Fango2007 · Fango2007 · Jun 20, 2026 · Jun 20, 2026
diff --git a/AGENTS.md b/AGENTS.md
@@ -12,6 +12,10 @@
 - Start every new change on a new git branch before editing files.
 - If a focused branch is not already checked out, create one before implementation unless the user explicitly says not to.
 - Update `CHANGELOG.md` in the same change whenever code, tests, docs, configuration, or user-facing behavior is modified.

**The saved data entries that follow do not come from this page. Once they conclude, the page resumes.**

lemma card_run_starts_Suc: "card (run_starts (Suc m)) * Suc m \<le> 4 * L * a (Suc m)"
proof -
  let ?S = "(\<lambda>q. q + copy_start m) ` run_starts m"
  have "run_starts (Suc m) \<subseteq> run_starts m \<union> ?S \<union> (B_run_candidates m \<inter> {0..<0 + a (Suc m)})"
    using run_starts_Suc_subset run_starts_subset[of "Suc m"] by auto
  then have "card (run_starts (Suc m))
      \<le> card (run_starts m) + card ?S + card (B_run_candidates m \<inter> {0..<0 + a (Suc m)})"
    by (meson card_Un_le card_mono finite_Un finite_imageI finite_Int finite_atLeastLessThan
        finite_run_starts le_trans add_le_mono1)
  also have "\<dots> \<le> a m + a m + (2 * (L - 1) + (L - 1) * (a (Suc m) div Suc m + 1))"
    using card_run_starts_le[of m] card_image_le[OF finite_run_starts, of "\<lambda>q. q + copy_start m" m]
      card_B_run_candidates_window[of m 0 "a (Suc m)"] by linarith
  finally have "card (run_starts (Suc m)) \<le> 2 * a m + 3 * (L - 1) + (L - 1) * (a (Suc m) div Suc m)"
    by simp
  then have "card (run_starts (Suc m)) * Suc m
      \<le> (2 * a m + 3 * (L - 1) + (L - 1) * (a (Suc m) div Suc m)) * Suc m"
    by (rule mult_le_mono1)
  also have "\<dots> = 2 * (a m * Suc m) + 3 * (L - 1) * Suc m + (L - 1) * (a (Suc m) div Suc m * Suc m)"
    by (simp only: add_mult_distrib mult.assoc)
  also have "\<dots> \<le> 2 * a (Suc m) + 3 * (L - 1) * a (Suc m) + (L - 1) * a (Suc m)"
  proof (intro add_mono mult_le_mono2)
    show "a m * Suc m \<le> a (Suc m)"
      using Y_block_le_a_Suc[of m] mult_le_mono2[OF a_le_sq[of m], of "Suc m"] by (simp add: mult.commute)
    show "Suc m \<le> a (Suc m)" using Suc_le_a[of "Suc m"] by simp
    show "a (Suc m) div Suc m * Suc m \<le> a (Suc m)" by (rule div_times_less_eq_dividend)
  qed
  also have "\<dots> = (2 + 4 * (L - 1)) * a (Suc m)" by (simp only: add_mult_distrib mult.assoc)
  also have "\<dots> \<le> 4 * L * a (Suc m)" using L_ge_3 by (intro mult_le_mono1) simp
  finally show ?thesis .
qed

lemma card_run_starts: "i \<ge> 1 \<Longrightarrow> card (run_starts i) * i \<le> 4 * L * a i"
  using card_run_starts_Suc[of "i - 1"] by (cases i) auto

lemma card_run_starts_suffix_mono:
  assumes "i \<le> m" "len \<le> a i"
  shows "card (run_starts m \<inter> {a m - len..<a m}) \<le> card (run_starts i \<inter> {a i - len..<a i})"
proof -
  define c where "c = a m - a i"
  have ai: "a i \<le> a m" using a_mono[OF assms(1)] .
  have "run_starts m \<inter> {a m - len..<a m} \<subseteq> (\<lambda>p. p + c) ` (run_starts i \<inter> {a i - len..<a i})"
  proof
    fix q assume q: "q \<in> run_starts m \<inter> {a m - len..<a m}"
    then have qL: "q + L \<le> a m" and run: "\<forall>j<L. T (q + j) = T q" and "a m - len \<le> q"
      by (auto simp: run_starts_def)
    define p where "p = q - c"
    have qc: "q = p + c" and pL: "p + L \<le> a i" and pl: "a i - len \<le> p"
      using qL \<open>a m - len \<le> q\<close> assms(2) ai unfolding p_def c_def by arith+
    have T_p: "T (q + j) = T (p + j)" if "j < L" for j
    proof -
      have "T (a m - a i + (p + j)) = T (p + j)" using T_suffix[OF assms(1)] pL that by simp
      moreover have "q + j = a m - a i + (p + j)" using qc unfolding c_def by simp
      ultimately show ?thesis by (simp only:)
    qed
    have "T (p + j) = T p" if "j < L" for j
      using T_p[OF that] T_p[of 0] run that L_ge_3 by simp
    moreover have "p < a i" using pL L_ge_3 by simp
    ultimately have "p \<in> run_starts i \<inter> {a i - len..<a i}" using pL pl by (simp add: run_starts_def)
    then show "q \<in> (\<lambda>p. p + c) ` (run_starts i \<inter> {a i - len..<a i})" using qc by blast
  qed
  then have "card (run_starts m \<inter> {a m - len..<a m})
      \<le> card ((\<lambda>p. p + c) ` (run_starts i \<inter> {a i - len..<a i}))"
    by (intro card_mono) (auto simp: finite_run_starts)
  also have "\<dots> \<le> card (run_starts i \<inter> {a i - len..<a i})" by (rule card_image_le) (simp add: finite_run_starts)
  finally show ?thesis .
qed
text \<open>Law of \<mu> + \<sigma>(N(0,1) + i N(0,1)) (independent real and imaginary parts).\<close>
definition complex_normal :: "complex \<Rightarrow> real \<Rightarrow> complex measure" where
  "complex_normal \<mu> \<sigma> =
     distr (density lborel (normal_density (Re \<mu>) \<sigma>) \<Otimes>\<^sub>M density lborel (normal_density (Im \<mu>) \<sigma>))
           borel (\<lambda>(a, b). Complex a b)"

definition fourier_mech :: "nat \<Rightarrow> real \<Rightarrow> (real^'d) list \<Rightarrow> (int^'d \<Rightarrow> complex) measure" where
  "fourier_mech M \<sigma> Xs = (\<Pi>\<^sub>M k\<in>freq_set M. complex_normal (emp_coeff Xs k) \<sigma>)"

definition renyi_div :: "real \<Rightarrow> 'a measure \<Rightarrow> 'a measure \<Rightarrow> ereal" where
  "renyi_div \<alpha> P Q =
     (let I = (\<integral>\<^sup>+ x. ennreal (enn2real (RN_deriv Q P x) powr (\<alpha> - 1)) \<partial>Q)
      in if absolutely_continuous Q P \<and> sets P = sets Q \<and> I < \<infinity>
         then ereal (ln (enn2real I) / (\<alpha> - 1)) else \<infinity>)"

definition zCDP :: "real \<Rightarrow> ('x list \<Rightarrow> 'b measure) \<Rightarrow> 'x list set \<Rightarrow> bool" where
  "zCDP \<rho> mech D \<longleftrightarrow>
     (\<forall>Xs\<in>D. \<forall>Ys\<in>D. neighbors Xs Ys \<longrightarrow>
        (\<forall>\<alpha>>1. renyi_div \<alpha> (mech Xs) (mech Ys) \<le> ereal (\<rho> * \<alpha>)))"
lemma prob_ge_by_Markov:
  fixes R :: "'a \<Rightarrow> real"
  assumes "prob_space N" and R: "integrable N R" "\<And>\<omega>. 0 \<le> R \<omega>"
    and c: "(\<integral>\<omega>. R \<omega> \<partial>N) \<le> c" "0 < c" and "0 < \<delta>"
    and A: "A \<in> sets N" "\<And>\<omega>. \<omega> \<in> space N \<Longrightarrow> R \<omega> < c / \<delta> \<Longrightarrow> \<omega> \<in> A"
  shows "1 - \<delta> \<le> measure N A"
proof -
  interpret prob_space N by fact
  let ?B = "{\<omega> \<in> space N. c / \<delta> \<le> R \<omega>}"
  have [measurable]: "R \<in> borel_measurable N" using R(1) by (rule borel_measurable_integrable)
  have "measure N ?B \<le> (\<integral>\<omega>. R \<omega> \<partial>N) / (c / \<delta>)"
    using R c \<open>0 < \<delta>\<close> by (intro integral_Markov_inequality_measure[where A="space N"]) auto
  also have "\<dots> \<le> \<delta>"
    using c \<open>0 < \<delta>\<close> by (simp add: field_simps)
  finally have "1 - \<delta> \<le> measure N (space N - ?B)"
    by (subst prob_compl) auto
  also have "\<dots> \<le> measure N A"
  proof (rule finite_measure_mono[OF _ A(1)])
    show "space N - ?B \<subseteq> A"
    proof
      fix \<omega> assume "\<omega> \<in> space N - ?B"
      then show "\<omega> \<in> A" by (intro A(2)) auto
    qed
  qed
  finally show ?thesis .
qed

lemma prob_ge_by_union_bound:
  fixes Y :: "'i \<Rightarrow> 'a \<Rightarrow> real"
  assumes "prob_space N" "finite I" and Y: "\<And>j. j \<in> I \<Longrightarrow> Y j \<in> borel_measurable N"
    and tail: "\<And>j. j \<in> I \<Longrightarrow> measure N {\<omega> \<in> space N. \<tau> \<le> \<bar>Y j \<omega>\<bar>} \<le> c"
    and A: "A \<in> sets N" "\<And>\<omega>. \<omega> \<in> space N \<Longrightarrow> \<forall>j\<in>I. \<bar>Y j \<omega>\<bar> < \<tau> \<Longrightarrow> \<omega> \<in> A"
  shows "1 - real (card I) * c \<le> measure N A"
proof -
  interpret prob_space N by fact
  let ?B = "\<Union>j\<in>I. {\<omega> \<in> space N. \<tau> \<le> \<bar>Y j \<omega>\<bar>}"
  have B_sets: "(\<lambda>j. {\<omega> \<in> space N. \<tau> \<le> \<bar>Y j \<omega>\<bar>}) ` I \<subseteq> sets N"
  proof (intro image_subsetI)
    fix j assume "j \<in> I"
    then have [measurable]: "Y j \<in> borel_measurable N" by (rule Y)
    show "{\<omega> \<in> space N. \<tau> \<le> \<bar>Y j \<omega>\<bar>} \<in> sets N" by measurable
  qed
  have "measure N ?B \<le> (\<Sum>j\<in>I. measure N {\<omega> \<in> space N. \<tau> \<le> \<bar>Y j \<omega>\<bar>})"
    using B_sets \<open>finite I\<close> by (intro finite_measure_subadditive_finite) auto
  also have "\<dots> \<le> real (card I) * c"
    using tail by (rule sum_bounded_above)
  finally have "1 - real (card I) * c \<le> measure N (space N - ?B)"
    using B_sets \<open>finite I\<close> by (subst prob_compl) auto
  also have "\<dots> \<le> measure N A"
  proof (rule finite_measure_mono[OF _ A(1)])
    show "space N - ?B \<subseteq> A"
    proof
      fix \<omega> assume "\<omega> \<in> space N - ?B"
      then show "\<omega> \<in> A" by (intro A(2)) auto
    qed
  qed
  finally show ?thesis .
qed

lemma integral_weighted_vnorm_l1_le:
  fixes Ev :: "'a \<Rightarrow> nat \<Rightarrow> nat \<Rightarrow> real"
  assumes int: "\<And>i l. i < n \<Longrightarrow> l < p \<Longrightarrow> integrable N (\<lambda>\<omega>. \<bar>Ev \<omega> i l\<bar>)"
    and bound: "\<And>i l. i < n \<Longrightarrow> l < p \<Longrightarrow> (\<integral>\<omega>. \<bar>Ev \<omega> i l\<bar> \<partial>N) \<le> c"
    and w: "\<And>i. 0 \<le> w i"
  shows "integrable N (\<lambda>\<omega>. \<Sum>i<n. w i * vnorm_l1 p (Ev \<omega> i))"
    and "(\<integral>\<omega>. (\<Sum>i<n. w i * vnorm_l1 p (Ev \<omega> i)) \<partial>N) \<le> real p * c * (\<Sum>i<n. w i)"
proof -
  show "integrable N (\<lambda>\<omega>. \<Sum>i<n. w i * vnorm_l1 p (Ev \<omega> i))"
    unfolding vnorm_l1_def using int
    by (intro Bochner_Integration.integrable_sum integrable_mult_right) auto
  have "(\<integral>\<omega>. (\<Sum>i<n. w i * vnorm_l1 p (Ev \<omega> i)) \<partial>N)
      = (\<Sum>i<n. \<integral>\<omega>. w i * (\<Sum>l<p. \<bar>Ev \<omega> i l\<bar>) \<partial>N)"
    unfolding vnorm_l1_def using int
    by (intro Bochner_Integration.integral_sum integrable_mult_right
        Bochner_Integration.integrable_sum) auto
  also have "\<dots> = (\<Sum>i<n. w i * (\<integral>\<omega>. (\<Sum>l<p. \<bar>Ev \<omega> i l\<bar>) \<partial>N))"
    by (simp only: integral_mult_right_zero)
  also have "\<dots> = (\<Sum>i<n. w i * (\<Sum>l<p. \<integral>\<omega>. \<bar>Ev \<omega> i l\<bar> \<partial>N))"
    using int by (intro sum.cong refl arg_cong2[where f = "(*)"] Bochner_Integration.integral_sum) auto
  also have "\<dots> \<le> (\<Sum>i<n. w i * (real p * c))"
  proof (intro sum_mono mult_left_mono w)
    fix i assume "i \<in> {..<n}"
    then show "(\<Sum>l<p. \<integral>\<omega>. \<bar>Ev \<omega> i l\<bar> \<partial>N) \<le> real p * c"
      using sum_bounded_above[of "{..<p}" "\<lambda>l. \<integral>\<omega>. \<bar>Ev \<omega> i l\<bar> \<partial>N" c] bound by simp
  qed
  also have "\<dots> = real p * c * (\<Sum>i<n. w i)"
    by (simp add: sum_distrib_left mult_ac)
  finally show "(\<integral>\<omega>. (\<Sum>i<n. w i * vnorm_l1 p (Ev \<omega> i)) \<partial>N) \<le> real p * c * (\<Sum>i<n. w i)" .
qed

lemma integral_weighted_vnorm_l1_normal_le:
  fixes Ev :: "'a \<Rightarrow> nat \<Rightarrow> nat \<Rightarrow> real"
  assumes N: "prob_space N" and "0 < s"
    and dist: "\<And>i l. i < n \<Longrightarrow> l < p \<Longrightarrow>
      distributed N lborel (\<lambda>\<omega>. Ev \<omega> i l) (normal_density 0 (sqrt s))"
    and w: "\<And>i. 0 \<le> w i"
  shows "integrable N (\<lambda>\<omega>. \<Sum>i<n. w i * vnorm_l1 p (Ev \<omega> i))"
    and "(\<integral>\<omega>. (\<Sum>i<n. w i * vnorm_l1 p (Ev \<omega> i)) \<partial>N) \<le> real p * (1 + s) * (\<Sum>i<n. w i)"
proof -
  have meas: "(\<lambda>\<omega>. Ev \<omega> i l) \<in> borel_measurable N" if "i < n" "l < p" for i l
    using distributed_measurable[OF dist[OF that]] by simp
  note moments = normal_centered_second_moment[OF N dist \<open>0 < s\<close>]
  note abs_moments = abs_integral_le_one_plus_second_moment[OF N meas moments(1)]
  have abs_bounds: "integrable N (\<lambda>\<omega>. \<bar>Ev \<omega> i l\<bar>)" "(\<integral>\<omega>. \<bar>Ev \<omega> i l\<bar> \<partial>N) \<le> 1 + s"
    if "i < n" "l < p" for i l
    using abs_moments(1,2)[OF that that] moments(2)[OF that] by simp_all
  show "integrable N (\<lambda>\<omega>. \<Sum>i<n. w i * vnorm_l1 p (Ev \<omega> i))"
    by (rule integral_weighted_vnorm_l1_le(1)[OF abs_bounds w])
  show "(\<integral>\<omega>. (\<Sum>i<n. w i * vnorm_l1 p (Ev \<omega> i)) \<partial>N) \<le> real p * (1 + s) * (\<Sum>i<n. w i)"
    by (rule integral_weighted_vnorm_l1_le(2)[OF abs_bounds w])
qed
(* Let $d\ge2$ and let $q^{\mathrm{pu}}$ be the $\varepsilon$-LDP $\texttt{PrivUnit}_2$ mechanism on $\mathbb{S}^{d-1}$ with parameters $p_0$ and $\gamma$ and estimator $\hat{\mathbf{x}}^{\mathrm{pu}}=\mathbf{z}/m_{\mathrm{pu}}$. Let $q^{\mathrm{mmrc}}$ denote the MMRC mechanism simulating $\texttt{PrivUnit}_2$ with $N$ candidates and estimator $\hat{\mathbf{x}}^{\mathrm{mmrc}}=\mathbf{z}_K/m_{\mathrm{mmrc}}$. Let $\lambda>0$. If \[ N\ge\frac{e^{2\varepsilon}}{2}\Big(\frac{2(1+\lambda)}{\lambda(p_0-1/2)}\Big)^2\ln\Big(\frac{4(1+\lambda)}{\lambda(p_0-1/2)}\Big), \] then for every $\mathbf{x}\in\mathbb{S}^{d-1}$, \[ \mathbb{E}_{q^{\mathrm{mmrc}}}\big[\|\hat{\mathbf{x}}^{\mathrm{mmrc}}-\mathbf{x}\|_2^2\big]\le(1+\lambda)^2E+2(1+\lambda)(2+\lambda)\sqrt{E}+(2+\lambda)^2,\qquad E=\mathbb{E}_{q^{\mathrm{pu}}}\big[\|\hat{\mathbf{x}}^{\mathrm{pu}}-\mathbf{x}\|_2^2\big]. \]
   Context: $\texttt{PrivUnit}_2$ with parameters $\gamma\in[0,1]$, $p_0\ge1/2$ (chosen so the mechanism is $\varepsilon$-LDP, i.e. its output density ratio between any two inputs is at most $e^\varepsilon$): on input $\mathbf{x}\in\mathbb{S}^{d-1}$, output $\mathbf{z}$ uniform on $\mathsf{Cap}_{\mathbf{x}}=\{\mathbf{z}\in\mathbb{S}^{d-1}:\langle\mathbf{z},\mathbf{x}\rangle\ge\gamma\}$ with probability $p_0$ and uniform on its complement otherwise. Its density w.r.t. the uniform probability on the sphere is $c_1=p_0/\bar\theta$ on the cap and $c_2=(1-p_0)/(1-\bar\theta)$ off it, where $\bar\theta=\mathbb{P}_{\mathbf{z}\sim\mathrm{Unif}(\mathbb{S}^{d-1})}(\mathbf{z}\in\mathsf{Cap}_{\mathbf{x}})$. For $p\in[0,1]$ let $m(p)=\frac{(1-\gamma^2)^{\alpha}}{2^{d-2}(d-1)}\big[\frac{p}{B(\alpha,\alpha)-B(\tau;\alpha,\alpha)}-\frac{1-p}{B(\tau;\alpha,\alpha)}\big]$, $\alpha=\frac{d-1}2$, $\tau=\frac{1+\gamma}2$, $B(x;a,b)=\int_0^xt^{a-1}(1-t)^{b-1}dt$, $B(a,b)=B(1;a,b)$; $m_{\mathrm{pu}}=m(p_0)$. MMRC simulating $\texttt{PrivUnit}_2$: draw $\mathbf{z}_1,\dots,\mathbf{z}_N$ i.i.d. uniform on $\mathbb{S}^{d-1}$; $\theta=\frac1N\#\{k:\mathbf{z}_k\in\mathsf{Cap}_{\mathbf{x}}\}$; $\pi^{\mathrm{mrc}}(k)=\frac1N\frac{c_i}{\theta c_1+(1-\theta)c_2}$ ($i=1$ for cap candidates, $i=2$ otherwise); $t_u=\frac1N\frac{c_1}{\bar\theta c_1+(1-\bar\theta)c_2}$, $t_l=\frac1N\frac{c_2}{\bar\theta c_1+(1-\bar\theta)c_2}$; $\pi^{\mathrm{mmrc}}=\pi^{\mathrm{mrc}}$ if $\theta=\bar\theta$; if $\theta<\bar\theta$, $\pi^{\mathrm{mmrc}}(k)=t_u$ on cap candidates and $\frac{1-N\theta t_u}{N(1-\theta)}$ otherwise; if $\theta>\bar\theta$, $\pi^{\mathrm{mmrc}}(k)=t_l$ on non-cap candidates and $\frac{1-N(1-\theta)t_l}{N\theta}$ otherwise. $K\sim\pi^{\mathrm{mmrc}}$, $p_{\mathrm{mmrc}}=\mathbb{P}(\mathbf{z}_K\in\mathsf{Cap}_{\mathbf{x}})$ and $m_{\mathrm{mmrc}}=m(p_{\mathrm{mmrc}})$. $\mathbb{E}_{q^{\mathrm{mmrc}}}$ is over the candidates and $K$. *)

theory Defs
  imports "HOL-Probability.Probability"
begin

text \<open>Uniform probability measure on the unit sphere S^{d-1} of a Euclidean space:
  the push-forward of the uniform distribution on the unit ball under radial
  normalisation x \<mapsto> x / |x| (this is the normalised surface measure).\<close>
definition sphere_unif :: "('a::euclidean_space) measure" where
  "sphere_unif = distr (uniform_measure lborel (ball 0 1)) borel (\<lambda>v. (1 / norm v) *\<^sub>R v)"

definition cap :: "'a::euclidean_space \<Rightarrow> real \<Rightarrow> 'a set" where
  "cap x \<gamma> = {z \<in> sphere 0 1. z \<bullet> x \<ge> \<gamma>}"

definition theta_bar :: "'a::euclidean_space \<Rightarrow> real \<Rightarrow> real" where
  "theta_bar x \<gamma> = measure (sphere_unif :: 'a measure) (cap x \<gamma>)"

definition pu_c1 :: "'a::euclidean_space \<Rightarrow> real \<Rightarrow> real \<Rightarrow> real" where
  "pu_c1 x \<gamma> p0 = p0 / theta_bar x \<gamma>"

definition pu_c2 :: "'a::euclidean_space \<Rightarrow> real \<Rightarrow> real \<Rightarrow> real" where
  "pu_c2 x \<gamma> p0 = (1 - p0) / (1 - theta_bar x \<gamma>)"

definition pu_density :: "'a::euclidean_space \<Rightarrow> real \<Rightarrow> real \<Rightarrow> 'a \<Rightarrow> real" where
  "pu_density x \<gamma> p0 z = (if z \<in> cap x \<gamma> then pu_c1 x \<gamma> p0 else pu_c2 x \<gamma> p0)"

definition inc_beta :: "real \<Rightarrow> real \<Rightarrow> real \<Rightarrow> real" where
  "inc_beta x a b = integral {0..x} (\<lambda>t. t powr (a - 1) * (1 - t) powr (b - 1))"

definition beta_fn :: "real \<Rightarrow> real \<Rightarrow> real" where
  "beta_fn a b = inc_beta 1 a b"

definition m_fun :: "nat \<Rightarrow> real \<Rightarrow> real \<Rightarrow> real" where
  "m_fun d \<gamma> p =
     (let \<alpha> = (real d - 1) / 2; \<tau> = (1 + \<gamma>) / 2 in
      (1 - \<gamma>\<^sup>2) powr \<alpha> / (2 ^ (d - 2) * (real d - 1)) *
      (p / (beta_fn \<alpha> \<alpha> - inc_beta \<tau> \<alpha> \<alpha>) - (1 - p) / inc_beta \<tau> \<alpha> \<alpha>))"

definition E_pu :: "'a::euclidean_space \<Rightarrow> real \<Rightarrow> real \<Rightarrow> real" where
  "E_pu x \<gamma> p0 =
     (\<integral>z. pu_density x \<gamma> p0 z *
          (norm ((1 / m_fun DIM('a) \<gamma> p0) *\<^sub>R z - x))\<^sup>2 \<partial>(sphere_unif :: 'a measure))"

definition mmrc_theta :: "nat \<Rightarrow> 'a::euclidean_space \<Rightarrow> real \<Rightarrow> (nat \<Rightarrow> 'a) \<Rightarrow> real" where
  "mmrc_theta N x \<gamma> zs = real (card {k. k < N \<and> zs k \<in> cap x \<gamma>}) / real N"

definition mmrc_pi :: "nat \<Rightarrow> 'a::euclidean_space \<Rightarrow> real \<Rightarrow> real \<Rightarrow> (nat \<Rightarrow> 'a) \<Rightarrow> nat \<Rightarrow> real" where
  "mmrc_pi N x \<gamma> p0 zs k =
     (let \<theta> = mmrc_theta N x \<gamma> zs; tb = theta_bar x \<gamma>;
          c1 = pu_c1 x \<gamma> p0; c2 = pu_c2 x \<gamma> p0;
          tu = (1 / real N) * (c1 / (tb * c1 + (1 - tb) * c2));
          tl = (1 / real N) * (c2 / (tb * c1 + (1 - tb) * c2));
          incap = (zs k \<in> cap x \<gamma>) in
      if \<theta> = tb then
        (1 / real N) * ((if incap then c1 else c2) / (\<theta> * c1 + (1 - \<theta>) * c2))
      else if \<theta> < tb then
        (if incap then tu else (1 - real N * \<theta> * tu) / (real N * (1 - \<theta>)))
      else
        (if incap then (1 - real N * (1 - \<theta>) * tl) / (real N * \<theta>) else tl))"

definition candidates :: "nat \<Rightarrow> (nat \<Rightarrow> 'a::euclidean_space) measure" where
  "candidates N = PiM {..<N} (\<lambda>_. sphere_unif)"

+- Preserve the Keep a Changelog structure when updating `CHANGELOG.md`:
+  - Add entries under the correct category heading, such as `Added`, `Changed`, `Fixed`, `Removed`, or `Security`.
+  - Create a missing category heading when needed.
+  - Do not flatten, rename, or reorder existing release/category headings unless the task explicitly requires it.
 - Check whether the root `README.md` still matches the purpose and user-visible behavior of the change. Update it in the same change if it would otherwise become stale or misleading.
 - At the end of each completed change, explicitly ask whether to commit. Include:
   - a concise suggested commit message

diff --git a/CHANGELOG.md b/CHANGELOG.md
@@ -6,20 +6,35 @@ The format is based on Keep a Changelog and this project follows Semantic Versio
 
 ## [Unreleased]
 
+### Changed
+
+- **Changelog category workflow** — `AGENTS.md` now requires changelog updates to preserve Keep a Changelog category headings and place entries under the appropriate `Added`, `Changed`, `Fixed`, `Removed`, or `Security` section instead of flattening release notes.
+
 ## [0.10.0] - 2026-06-19
 
+### Added
+
 - **Run functional failure clue** — Run now surfaces a benchmark assertion failure line when quality metrics fail despite a technically completed run, with categories such as invalid tool arguments or missing tool calls.
-- **Duplicate tool-call argument scoring** — `tool_arguments_valid` now consumes matched tool calls so repeated calls to the same function with different arguments are scored consistently with `tool_call_assertion_pass`.
-- **Legacy Runs API cleanup** — removed the orphaned public `/runs` list/delete routes, their route-specific service, and route-only tests now that Results deletion uses `/results-view/runs/:runId`, while retaining the underlying run/result tables for active benchmark, evaluation, retention, and cleanup flows.
 - **Datasets editor checkpoint** — added a Datasets page and JSONL dataset-file API for creating, editing, saving, and deleting dataset item files under `INFERHARNESS_BENCHMARK_DATASET_ROOT`, with synced `dataset_manifest` documents, copy-down editing for repeated fields, and clamped long-prompt display.
-- **Benchmark plan cleanup** — removed the transitional inline `/benchmark/plans/run` execution API and stale `INFERHARNESS_TEST_TEMPLATES_DIR` example so plan execution goes through persisted `benchmark_plan` documents.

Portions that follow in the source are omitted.